Projekt ustawy o zmianie ustawy o podatku dochodowym od osób prawnych oraz ustawy o podatku od niektórych instytucji finansowych

On 26 August 2025, preliminary remarks to the bill amending the Act on Social Insurance System and certain other acts were added to the list of legislative work and policies of the Council of Ministers. The primary goal thereof is to enable the Social Insurance Institution (ZUS) to prepare draft insurance documents, which would then be approved by the contribution remitter. The bill provides, among other measures, for the introduction of a single insurance file (Polish: Jednolity Plik Ubezpieczeniowy, JPU), which will compile data and information concerning both the contribution remitter and the insured person, to be submitted by the contribution remitter via eZUS electronic platform (PUE ZUS). The amendments will also allow contribution remitters to transmit to ZUS the data contained in the JPU. The changes are to be implemented in stages: as of 1 January 2028, for individuals settling contributions for their own insurance, and as of 1 January 2031, for all other contribution remitters. The bill is expected to be passed by the Council of Ministers in Q1 2026.

Założenia do projektu ustawy o zmianie ustawy o systemie ubezpieczeń społecznych oraz niektórych innych ustaw

On 26 August 2025, the key assumptions for the draft resolution on the adoption of a national strategy to combat money laundering and terrorist financing were added to the list of legislative work and policies of the Council of Ministers. The proposed resolution focuses on strengthening and enhancing the effectiveness of activities and analyses conducted by financial analysis units, including the Minister of Finance and Economy as the supreme authority, the General Inspector of Financial Information, and cooperating bodies, in line with a risk-based approach, bolstering AML/CFT frameworks within obliged institutions by addressing identified risks, providing expert support, as well as introducing amendments to domestic laws. The bill is expected to be passed by the Council of Ministers in Q4 2025.
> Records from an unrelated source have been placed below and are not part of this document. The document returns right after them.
lemma cinner_matrix_vector_mult: "cinner x (A *v y) = cinner (cnj_transpose A *v x) y"
  unfolding cinner_def cnj_transpose_def matrix_vector_mult_def
  by (simp add: sum_distrib_left sum_distrib_right, subst sum.swap) (simp add: mult_ac)

lemma psd_congruence:
  assumes "psd A" shows "psd (cnj_transpose W ** A ** W)"
proof -
  have "cinner x ((cnj_transpose W ** A ** W) *v x) = cinner (W *v x) (A *v (W *v x))" for x
    by (simp add: cinner_matrix_vector_mult flip: matrix_vector_mul_assoc)
  then show ?thesis using assms by (simp add: psd_def)
qed

lemma cinner_axis_axis: "cinner (axis i 1) (A *v axis i 1) = A $ i $ i"
  by (simp add: cinner_def matrix_vector_mult_def axis_def if_distrib if_distribR sum.If_cases)

lemma cinner_axis_sum:
  assumes "i \<noteq> j"
  shows "cinner (axis i a + axis j c) (A *v (axis i a + axis j c)) =
    cnj a * a * A$i$i + cnj a * c * A$i$j + cnj c * a * A$j$i + cnj c * c * A$j$j"
  using assms
  by (simp add: cinner_def matrix_vector_mult_def axis_def if_distrib if_distribR sum.If_cases
        sum.distrib algebra_simps)

lemma psd_diag_entry: "psd A \<Longrightarrow> A$i$i \<in> \<real> \<and> 0 \<le> Re (A$i$i)"
  unfolding psd_def by (metis cinner_axis_axis)

lemma psd_of_real_Re_diag_entry: "psd A \<Longrightarrow> complex_of_real (Re (A$i$i)) = A$i$i"
  using psd_diag_entry complex_is_Real_iff by (metis complex_eq_iff Im_complex_of_real Re_complex_of_real)

text \<open>Testing the quadratic form on \<open>e\<^sub>i + e\<^sub>j\<close> and \<open>e\<^sub>i + \<i> e\<^sub>j\<close> recovers the imaginary and the real part of
  \<open>A\<^sub>i\<^sub>j - cnj A\<^sub>j\<^sub>i\<close>.\<close>

lemma psd_hermitian:
  assumes "psd A" shows "A$j$i = cnj (A$i$j)"
proof (cases "i = j")
  case True
  then show ?thesis using psd_diag_entry[OF assms, of i] by (metis Reals_cnj_iff)
next
  case False
  have diag_real: "Im (A$i$i) = 0" "Im (A$j$j) = 0"
    using psd_diag_entry[OF assms] complex_is_Real_iff by auto
  have "cinner (axis i 1 + axis j 1) (A *v (axis i 1 + axis j 1)) \<in> \<real>"
    using assms psd_def by blast
  hence im: "Im (A$i$j) + Im (A$j$i) = 0"
    using cinner_axis_sum[OF False, of 1 1 A] diag_real by (simp add: complex_is_Real_iff)
  have "cinner (axis i 1 + axis j \<i>) (A *v (axis i 1 + axis j \<i>)) \<in> \<real>"
    using assms psd_def by blast
  hence re: "Re (A$i$j) - Re (A$j$i) = 0"
    using cinner_axis_sum[OF False, of 1 \<i> A] diag_real by (simp add: complex_is_Real_iff)
  show ?thesis using im re by (simp add: complex_eq_iff)
qed

lemma Re_trace_square_psd:
  assumes "psd A"
  shows "Re (trace (A ** A)) = (\<Sum>i\<in>UNIV. \<Sum>j\<in>UNIV. (cmod (A$i$j))\<^sup>2)"
proof -
  have "Re (A$i$j * A$j$i) = (cmod (A$i$j))\<^sup>2" for i j
    using psd_hermitian[OF assms, of i j] cmod_power2[of "A$i$j"] by (simp add: power2_eq_square)
  then show ?thesis by (simp add: trace_def matrix_matrix_mult_def)
qed

lemma sum_diag_square_le_trace_square:
  assumes "psd A"
  shows "(\<Sum>i\<in>UNIV. (Re (A$i$i))\<^sup>2) \<le> Re (trace (A ** A))"
proof -
  have "(Re (A$i$i))\<^sup>2 = (cmod (A$i$i))\<^sup>2" for i
    using psd_of_real_Re_diag_entry[OF assms, of i] by (metis norm_of_real power2_abs)
  then have "(\<Sum>i\<in>UNIV. (Re (A$i$i))\<^sup>2) = (\<Sum>i\<in>UNIV. (cmod (A$i$i))\<^sup>2)"
    by simp
  also have "\<dots> \<le> (\<Sum>i\<in>UNIV. \<Sum>j\<in>UNIV. (cmod (A$i$j))\<^sup>2)"
    by (intro sum_mono member_le_sum) auto
  finally show ?thesis by (simp add: Re_trace_square_psd[OF assms])
qed

lemma trace_real_diag_matrix_mult:
  "trace (real_diag_matrix r ** A) = (\<Sum>i\<in>UNIV. complex_of_real (r i) * A$i$i)"
  by (simp add: real_diag_matrix_def trace_def matrix_matrix_mult_def if_distrib if_distribR sum.If_cases)

lemma Re_trace_real_diag_matrix_mult:
  "Re (trace (real_diag_matrix r ** A)) = (\<Sum>i\<in>UNIV. r i * Re (A$i$i))"
  by (simp add: trace_real_diag_matrix_mult)

lemma real_diag_matrix_diag_entry [simp]: "real_diag_matrix s $ i $ i = complex_of_real (s i)"
  by (simp add: real_diag_matrix_def)

lemma trace_real_diag_matrix: "trace (real_diag_matrix s) = complex_of_real (\<Sum>i\<in>UNIV. s i)"
  by (simp add: real_diag_matrix_def trace_def)

lemma psd_real_diag_matrix_iff: "psd (real_diag_matrix s) \<longleftrightarrow> (\<forall>i. 0 \<le> s i)"
proof
  assume "psd (real_diag_matrix s)"
  then show "\<forall>i. 0 \<le> s i"
    using psd_diag_entry by (fastforce simp: real_diag_matrix_def)
next
  assume nonneg: "\<forall>i. 0 \<le> s i"
  have "cinner x (real_diag_matrix s *v x) = complex_of_real (\<Sum>i\<in>UNIV. s i * (cmod (x$i))\<^sup>2)" for x
    by (simp add: cinner_def real_diag_matrix_def matrix_vector_mult_def if_distrib if_distribR
        sum.If_cases del: of_real_power)
       (intro sum.cong refl, subst complex_norm_square, simp add: mult_ac)
  then show "psd (real_diag_matrix s)"
    unfolding psd_def using nonneg by (auto intro: sum_nonneg)
qed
Założenia do projektu uchwały Rady Ministrów w sprawie przyjęcia strategii przeciwdziałania praniu pieniędzy oraz finansowaniu terroryzmu

On 29 August 2025, a general ruling of the Minister of Finance and Economy on the application of Article 116 of the Polish Tax Code in relation to the judgments of the Court of Justice of the European Union (CJEU) in cases C-277/24 (Adjak) and C-278/24 (Genzyński) (ref no. DTS2.8012.5.2025) was published. The interpretation set out in the general ruling applies in all cases, regardless of the type of tax in which the company’s tax arrears arose for which a management board member may be held liable. In particular, the general ruling clarifies that:

  1. an effective challenge by a management board member of the findings or legal qualifications certified in the tax assessment decision issued against the company does not automatically result in the invalidation of that decision, nor does it, in particular, justify declaring the decision null and void or reopening the relevant proceedings,
  2. the right of a management board member to access the files of the tax assessment proceedings conducted against the company should be ensured to the extent necessary to enable the member to effectively challenge the factual and legal findings affecting the existence and amount of the tax liability,
  3. a circumstance releasing a management board member from liability for the company’s tax arrears is the mere submission of a petition for bankruptcy, not the effectiveness of such a petition.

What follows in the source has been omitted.